I want to use AMOScmp to analyze illumina paired end data. AMOScmp requires the same number of paired file to build .afg file. The original fq files are paired. After I pass fq files separately through quality, duplicated sequences, and human DNA control, I find out that the paired end fa files have different number of reads. I want to remove unpaired reads from paired end reads to get two fa files with the same number of reads. Does anybody have script or know what software to help me to solve the problem?
Check this post removal of unpaired reads, especially comment #8 for the script.
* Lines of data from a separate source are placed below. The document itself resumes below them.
lemma mgf_le_of_exp_quarter_moment:
  fixes p :: "'a pmf" and W Y :: "'a \<Rightarrow> real"
  assumes fin: "finite (set_pmf p)"
    and mean: "measure_pmf.expectation p W = 0"
    and bound: "\<And>x. x \<in> set_pmf p \<Longrightarrow> \<bar>W x\<bar> \<le> Y x + 1"
    and moment: "measure_pmf.expectation p (\<lambda>x. exp (Y x / 4)) \<le> 14"
    and l: "\<bar>l\<bar> \<le> 1 / 8"
  shows "measure_pmf.expectation p (\<lambda>x. exp (l * W x)) \<le> exp (2400 * l\<^sup>2)"
proof -
  define c where "c = 128 * exp (1 / 4 :: real)"
  have pointwise: "exp (l * W x) \<le> 1 + l * W x + c * l\<^sup>2 * exp (Y x / 4)"
    if "x \<in> set_pmf p" for x
  proof -
    define a where "a = \<bar>W x\<bar>"
    have "\<bar>l * W x\<bar> \<le> a / 8"
      using l mult_right_mono[OF l, of a] by (simp add: a_def abs_mult)
    then have "(l * W x)\<^sup>2 / 2 * exp \<bar>l * W x\<bar> \<le> l\<^sup>2 * (a\<^sup>2 / 2 * exp (a / 8))"
      by (simp add: a_def power_mult_distrib mult_left_mono mult.assoc)
    also have "\<dots> \<le> l\<^sup>2 * (128 * exp (a / 4))"
    proof -
      have "a\<^sup>2 * exp (a / 8) \<le> 256 * exp (a / 8) * exp (a / 8)"
        using sq_le_exp[of a] by (intro mult_right_mono) (auto simp: a_def)
      also have "\<dots> = 256 * exp (a / 4)"
        by (simp add: mult.assoc flip: exp_add)
      finally show ?thesis
        by (intro mult_left_mono) auto
    qed
    also have "\<dots> \<le> c * l\<^sup>2 * exp (Y x / 4)"
      using bound[OF that]
      by (simp add: c_def a_def mult_ac add_divide_distrib mult_left_mono flip: exp_add)
    finally show ?thesis
      using exp_le_taylor2[of "l * W x"] by linarith
  qed
  have integrable: "integrable (measure_pmf p) (f :: _ \<Rightarrow> real)" for f
    by (rule integrable_measure_pmf_finite[OF fin])
  have "measure_pmf.expectation p (\<lambda>x. exp (l * W x))
      \<le> measure_pmf.expectation p (\<lambda>x. 1 + l * W x + c * l\<^sup>2 * exp (Y x / 4))"
    by (intro integral_mono_AE integrable AE_pmfI pointwise)
  also have "\<dots> = 1 + c * l\<^sup>2 * measure_pmf.expectation p (\<lambda>x. exp (Y x / 4))"
    using mean by (simp add: integrable)
  also have "\<dots> \<le> 1 + c * 14 * l\<^sup>2"
    using mult_left_mono[OF moment, of "c * l\<^sup>2"] by (simp add: c_def mult_ac)
  also have "\<dots> \<le> 1 + 2400 * l\<^sup>2"
    using exp_bound[of "1 / 4 :: real"]
    by (intro add_left_mono mult_right_mono) (auto simp: c_def power2_eq_square)
  also have "\<dots> \<le> exp (2400 * l\<^sup>2)"
    by (rule exp_ge_add_one_self)
  finally show ?thesis .
qed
If you wanna separate the paired end fastq files, in single end reads, galaxy has a tool called pairedendsplitter and for the source code, check the archive.
Also, from the user page of Trimmomatic, which is another fastQ utility suite,
For single-ended data, one input and one output file are specified, plus the processing steps. For paired-end data, two input files are specified, and 4 output files, 2 for the 'paired' output where both reads survived the processing, and 2 for corresponding 'unpaired' output where a read survived, but the partner read did not.
EDIT: Sukhdeep beat me to it! I think he's referring you to the same tool.
Peter Cock wrote some tools just for this purpose that I bet would be very helpful.
I think paired-end interlacer followed by de-interlacer is what you want. From there if you want FA files, you can just do the simple conversion. Let me know if I'm not understanding your query correctly.
You can use http://code.google.com/p/ea-utils/wiki/FastqMcf for the trimming. This tool makes sure that reads belonging to the same pair will be removed in case one of the read can't pass the test or shortened down so that it can't pass the minimum length criteria. The trimming speed is also quiet high.